In the Basement
2014 human interest documentary
Rating: 14/20
Plot: A look at several people and what they hide in their basements.
My brother (anonymous) recommended this. I don't know who director Ulrich Seidl is, but after watching this, I'm intrigued. The documentary style is a bit like an Errol Morris or somebody like Errol Morris. There's something very artificial about the whole thing with some shots staged in a way that reminded me visually of Roy Andersson, and you know Seidl is edited all this footage almost like he's a sculptor. Hilariously, there are several shots where it looks like the subjects were told to pose for a still photograph and then filmed. Still, without any narration, it has an objective and hands-off feel where the viewer just gets to see what the subjects have to show us and hear their stories individual stories directly from their mouths. Most people watching this would probably think almost everybody shown in this thing is strange and that we are seeing skeletons in the basement, so to speak. If there had been commentary, I'd imagine the words, "But we all have secrets in our individual basements" would have been in there somewhere.

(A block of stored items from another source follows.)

lemma best_response_infinity_AE_finite:
  assumes "strategy \<Theta> \<tau>" and "best_response M \<Theta> \<sigma> \<tau>" and "\<theta> \<in> \<Theta>" and "\<sigma> \<theta> = \<infinity>"
  shows "AE x in M. \<tau> x \<noteq> \<infinity>" and "integrable M (\<lambda>x. real_of_ereal (\<tau> x))"
proof -
  have "exp_payoff M \<tau> (ereal 0) \<theta> \<le> exp_payoff M \<tau> \<infinity> \<theta>"
    using assms(2-4) unfolding best_response_def by (metis zero_ereal_def order_refl)
  then have "exp_payoff M \<tau> \<infinity> \<theta> \<noteq> -\<infinity>"
    by (auto simp: exp_payoff_ereal[OF assms(1)])
  then show "AE x in M. \<tau> x \<noteq> \<infinity>" and "integrable M (\<lambda>x. real_of_ereal (\<tau> x))"
    using exp_payoff_infinity_neq_MInfty[OF assms(1)] by auto
qed

lemma best_response_infinity_AE_less:
  assumes \<tau>: "strategy \<Theta> \<tau>" and "strategy \<Theta> \<sigma>" and br: "best_response M \<Theta> \<sigma> \<tau>"
    and "\<theta> \<in> \<Theta>" and "\<sigma> \<theta> = \<infinity>" and "\<theta>' \<in> \<Theta>" and "\<theta> < \<theta>'" and "\<sigma> \<theta>' \<noteq> \<infinity>"
  shows "AE x in M. \<tau> x < \<sigma> \<theta>'"
proof -
  obtain a where a: "\<sigma> \<theta>' = ereal a" "0 \<le> a"
    using assms(2,6,8) by (cases "\<sigma> \<theta>'") (auto simp: strategy_def)
  define E where "E = (\<integral>x. real_of_ereal (\<tau> x) \<partial>M)"
  define U where "U v = (\<integral>x. quit_payoff a (\<tau> x) v \<partial>M)" for v
  define slack where "slack x = (\<theta>' - \<theta>) - (quit_payoff a (\<tau> x) \<theta>' - quit_payoff a (\<tau> x) \<theta>)" for x
  have fight: "exp_payoff M \<tau> \<infinity> v = ereal (v - E)" for v
    unfolding E_def using best_response_infinity_AE_finite[OF \<tau> br assms(4,5)]
    by (intro exp_payoff_infinity[OF \<tau>])
  have quit: "exp_payoff M \<tau> (ereal a) v = ereal (U v)" for v
    unfolding U_def by (rule exp_payoff_ereal[OF \<tau>])
  have deviation: "exp_payoff M \<tau> b v \<le> exp_payoff M \<tau> (\<sigma> v) v" if "v \<in> \<Theta>" "0 \<le> b" for v b
    using br that unfolding best_response_def by blast
  have "exp_payoff M \<tau> (ereal a) \<theta> \<le> exp_payoff M \<tau> \<infinity> \<theta>"
    using deviation[OF assms(4), of "ereal a"] assms(5) a(2) by simp
  moreover have "exp_payoff M \<tau> \<infinity> \<theta>' \<le> exp_payoff M \<tau> (ereal a) \<theta>'"
    using deviation[OF assms(6), of \<infinity>] a(1) by simp
  ultimately have "U \<theta> \<le> \<theta> - E" and "\<theta>' - E \<le> U \<theta>'"
    by (simp_all add: fight quit)
  moreover have integrable: "integrable M slack"
    unfolding slack_def using integrable_quit_payoff[OF \<tau>] by simp
  moreover have "(\<integral>x. slack x \<partial>M) = (\<theta>' - \<theta>) - (U \<theta>' - U \<theta>)"
    unfolding slack_def U_def using integrable_quit_payoff[OF \<tau>] by (simp add: prob_space)
  moreover have nonneg: "AE x in M. 0 \<le> slack x"
    unfolding slack_def using quit_payoff_increase_le[OF assms(7)] by simp
  ultimately have "AE x in M. slack x = 0"
    using integral_nonneg_eq_0_iff_AE[OF integrable nonneg] integral_nonneg_AE[OF nonneg] by simp
  then show ?thesis
    by eventually_elim (use quit_payoff_increase_eq_iff[OF assms(7)] in \<open>force simp: slack_def a\<close>)
qed

lemma not_both_fight_forever:
  assumes \<sigma>\<^sub>1: "strategy \<Theta> \<sigma>\<^sub>1" and \<sigma>\<^sub>2: "strategy \<Theta> \<sigma>\<^sub>2"
    and br\<^sub>1: "best_response M \<Theta> \<sigma>\<^sub>1 \<sigma>\<^sub>2" and br\<^sub>2: "best_response M \<Theta> \<sigma>\<^sub>2 \<sigma>\<^sub>1"
    and \<theta>\<^sub>1: "\<theta>\<^sub>1 \<in> \<Theta>" "\<sigma>\<^sub>1 \<theta>\<^sub>1 = \<infinity>" and \<theta>\<^sub>2: "\<theta>\<^sub>2 \<in> \<Theta>" "\<sigma>\<^sub>2 \<theta>\<^sub>2 = \<infinity>"
  shows False
proof -
  define m where "m = Inf (\<sigma>\<^sub>1 ` {s \<in> \<Theta>. \<theta>\<^sub>1 < s \<and> \<sigma>\<^sub>1 s \<noteq> \<infinity>})"
  have "AE x in M. \<sigma>\<^sub>2 x \<le> m"
    unfolding m_def using best_response_infinity_AE_less[OF \<sigma>\<^sub>2 \<sigma>\<^sub>1 br\<^sub>1 \<theta>\<^sub>1]
    by (intro AE_le_Inf) auto
  moreover have "AE x in M. \<sigma>\<^sub>2 x \<noteq> \<infinity>"
    using best_response_infinity_AE_finite[OF \<sigma>\<^sub>2 br\<^sub>1 \<theta>\<^sub>1] by simp
  ultimately have "AE x in M. \<sigma>\<^sub>2 x \<le> m \<and> \<sigma>\<^sub>2 x \<noteq> \<infinity>"
    by eventually_elim simp
  then obtain t where t: "t \<in> \<Theta>" "\<theta>\<^sub>2 < t" "\<sigma>\<^sub>2 t \<le> m" "\<sigma>\<^sub>2 t \<noteq> \<infinity>"
    using AE_imp_exists_above[OF \<theta>\<^sub>2(1)] by blast
  have "AE x in M. \<sigma>\<^sub>1 x < \<sigma>\<^sub>2 t"
    using best_response_infinity_AE_less[OF \<sigma>\<^sub>1 \<sigma>\<^sub>2 br\<^sub>2 \<theta>\<^sub>2 t(1,2,4)] .
  moreover have "AE x in M. \<sigma>\<^sub>1 x \<noteq> \<infinity>"
    using best_response_infinity_AE_finite[OF \<sigma>\<^sub>1 br\<^sub>2 \<theta>\<^sub>2] by simp
  ultimately have "AE x in M. \<sigma>\<^sub>1 x < \<sigma>\<^sub>2 t \<and> \<sigma>\<^sub>1 x \<noteq> \<infinity>"
    by eventually_elim simp
  then obtain s where s: "s \<in> \<Theta>" "\<theta>\<^sub>1 < s" "\<sigma>\<^sub>1 s < \<sigma>\<^sub>2 t" "\<sigma>\<^sub>1 s \<noteq> \<infinity>"
    using AE_imp_exists_above[OF \<theta>\<^sub>1(1)] by blast
  then have "m \<le> \<sigma>\<^sub>1 s"
    unfolding m_def by (auto intro: INF_lower)
  with s(3) t(3) show False
    by simp
qed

Be warned, especially since I wasn't, that there's some R-rated material here. There's an S&M couple, their scenes containing a little more scrotum than I usually like in my movies, and there's the little twerp at the top of the poster up there who claims he's popular with prostitutes, presumably because of the powerful load he can ejaculate. There's also an extended spanking sequence that seems to go on forever. I'm not sure I would have minded if the spanker wasn't wearing lederhosen. Juxtaposed with the more kinky basement dwellers are a guy who collects Nazi memorabilia, a guy who sings opera and operates an indoor shooting range, a dude with a ton of hunting trophies, a couple snippets of a guy with a toy train, and women with a washing machine and dryer. The most intriguing of all might be a woman who visits a very realistic (and creepy) baby doll that she keeps in a box and seemingly stores in different locations each time.
I'm not sure why Seidl arranges things like he does or what the central message of this is, but the visual style and dry humor kept me amused. And I'm definitely interested in seeming more from Ulrich Seidl.
Here was my favorite shot out of a lot of these very staged, but very cool, shots:
Unless I'm missing something, these women weren't featured in the rest of the movie. I don't know. Maybe one of them is the one with the doll? And the random insertion of this three in a very-typical basement, a shot that is maybe 10 or 15 seconds and not really odd at all, might be the oddest thing about this movie.